lemma toric_decomposition_of_split_generators:
  fixes A :: "'v::finite \<Rightarrow> nat \<Rightarrow> int" and \<Phi> :: "('v, 'k::field) mpoly set \<Rightarrow> ('v, 'k) mpoly set"
  assumes "config_in m A" "pointed A" "ideal_closure \<Phi>"
    and C: "C \<subseteq> kerZ A" "\<Phi> (ideal_gen (binom ` C)) = toric_ideal A"
    and Cs: "C = (\<Union>i\<in>J. Cs i)" "\<forall>i\<in>J. spanQ (Cs i) \<subset> kerQ A"
  shows "\<exists>I. (\<forall>i\<in>J. is_toric_ideal (I i) \<and> I i \<noteq> toric_ideal A) \<and>
    toric_ideal A = \<Phi> (ideal_gen (\<Union>i\<in>J. I i))"
proof -
  have "\<exists>B. config_in (Suc m) B \<and> pointed B \<and> Cs i \<subseteq> kerZ B \<and> kerZ B \<subset> kerZ A" if "i \<in> J" for i
  proof (rule ex_pointed_config_between[OF assms(1,2)])
    show "Cs i \<subseteq> kerZ A" using that C(1) Cs(1) by blast
    show "spanQ (Cs i) \<subset> kerQ A" using that Cs(2) by blast
  qed
  then obtain B where B: "\<And>i. i \<in> J \<Longrightarrow> config_in (Suc m) (B i) \<and> pointed (B i) \<and>
      Cs i \<subseteq> kerZ (B i) \<and> kerZ (B i) \<subset> kerZ A"
    by metis
  define I where "I i = (toric_ideal (B i) :: ('v, 'k) mpoly set)" for i
  have proper: "is_toric_ideal (I i) \<and> I i \<noteq> toric_ideal A" if "i \<in> J" for i
    using B[OF that] toric_ideal_psubset_iff[of "B i" A, where 'k = 'k]
    unfolding is_toric_ideal_def I_def by blast
  have gens: "binom ` C \<subseteq> (\<Union>i\<in>J. I i)"
  proof
    fix x :: "('v, 'k) mpoly" assume "x \<in> binom ` C"
    then obtain i u where "i \<in> J" "u \<in> Cs i" "x = binom u" using Cs(1) by blast
    then show "x \<in> (\<Union>i\<in>J. I i)" using B unfolding I_def by (auto simp: binom_in_toric_ideal_iff)
  qed
  have "I i \<subseteq> toric_ideal A" if "i \<in> J" for i
    using B[OF that] unfolding I_def by (intro toric_ideal_mono) blast
  then have within: "(\<Union>i\<in>J. I i) \<subseteq> \<Phi> (ideal_gen (binom ` C))" unfolding C(2) by blast
  have "\<Phi> (ideal_gen (\<Union>i\<in>J. I i)) \<subseteq> toric_ideal A"
    using ideal_closure_least[OF assms(3) within] by (simp only: C(2))
  moreover have "toric_ideal A \<subseteq> \<Phi> (ideal_gen (\<Union>i\<in>J. I i))"
    using ideal_closure_mono[OF assms(3) gens] C(2) by simp
  ultimately show ?thesis using proper by blast
qed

-.-.-

*Required action*:
The lines you need are those holding the word "subseteq"; copy each of them from the material above.

*Your response*:
    and C: "C \<subseteq> kerZ A" "\<Phi> (ideal_gen (binom ` C)) = toric_ideal A"
  have "\<exists>B. config_in (Suc m) B \<and> pointed B \<and> Cs i \<subseteq> kerZ B \<and> kerZ B \<subset> kerZ A" if "i \<in> J" for i
    show "Cs i \<subseteq> kerZ A" using that C(1) Cs(1) by blast
      Cs i \<subseteq> kerZ (B i) \<and> kerZ (B i) \<subset> kerZ A"
  have gens: "binom ` C \<subseteq> (\<Union>i\<in>J. I i)"
  have "I i \<subseteq> toric_ideal A" if "i \<in> J" for i
  then have within: "(\<Union>i\<in>J. I i) \<subseteq> \<Phi> (ideal_gen (binom ` C))" unfolding C(2) by blast
  have "\<Phi> (ideal_gen (\<Union>i\<in>J. I i)) \<subseteq> toric_ideal A"
  moreover have "toric_ideal A \<subseteq> \<Phi> (ideal_gen (\<Union>i\<in>J. I i))"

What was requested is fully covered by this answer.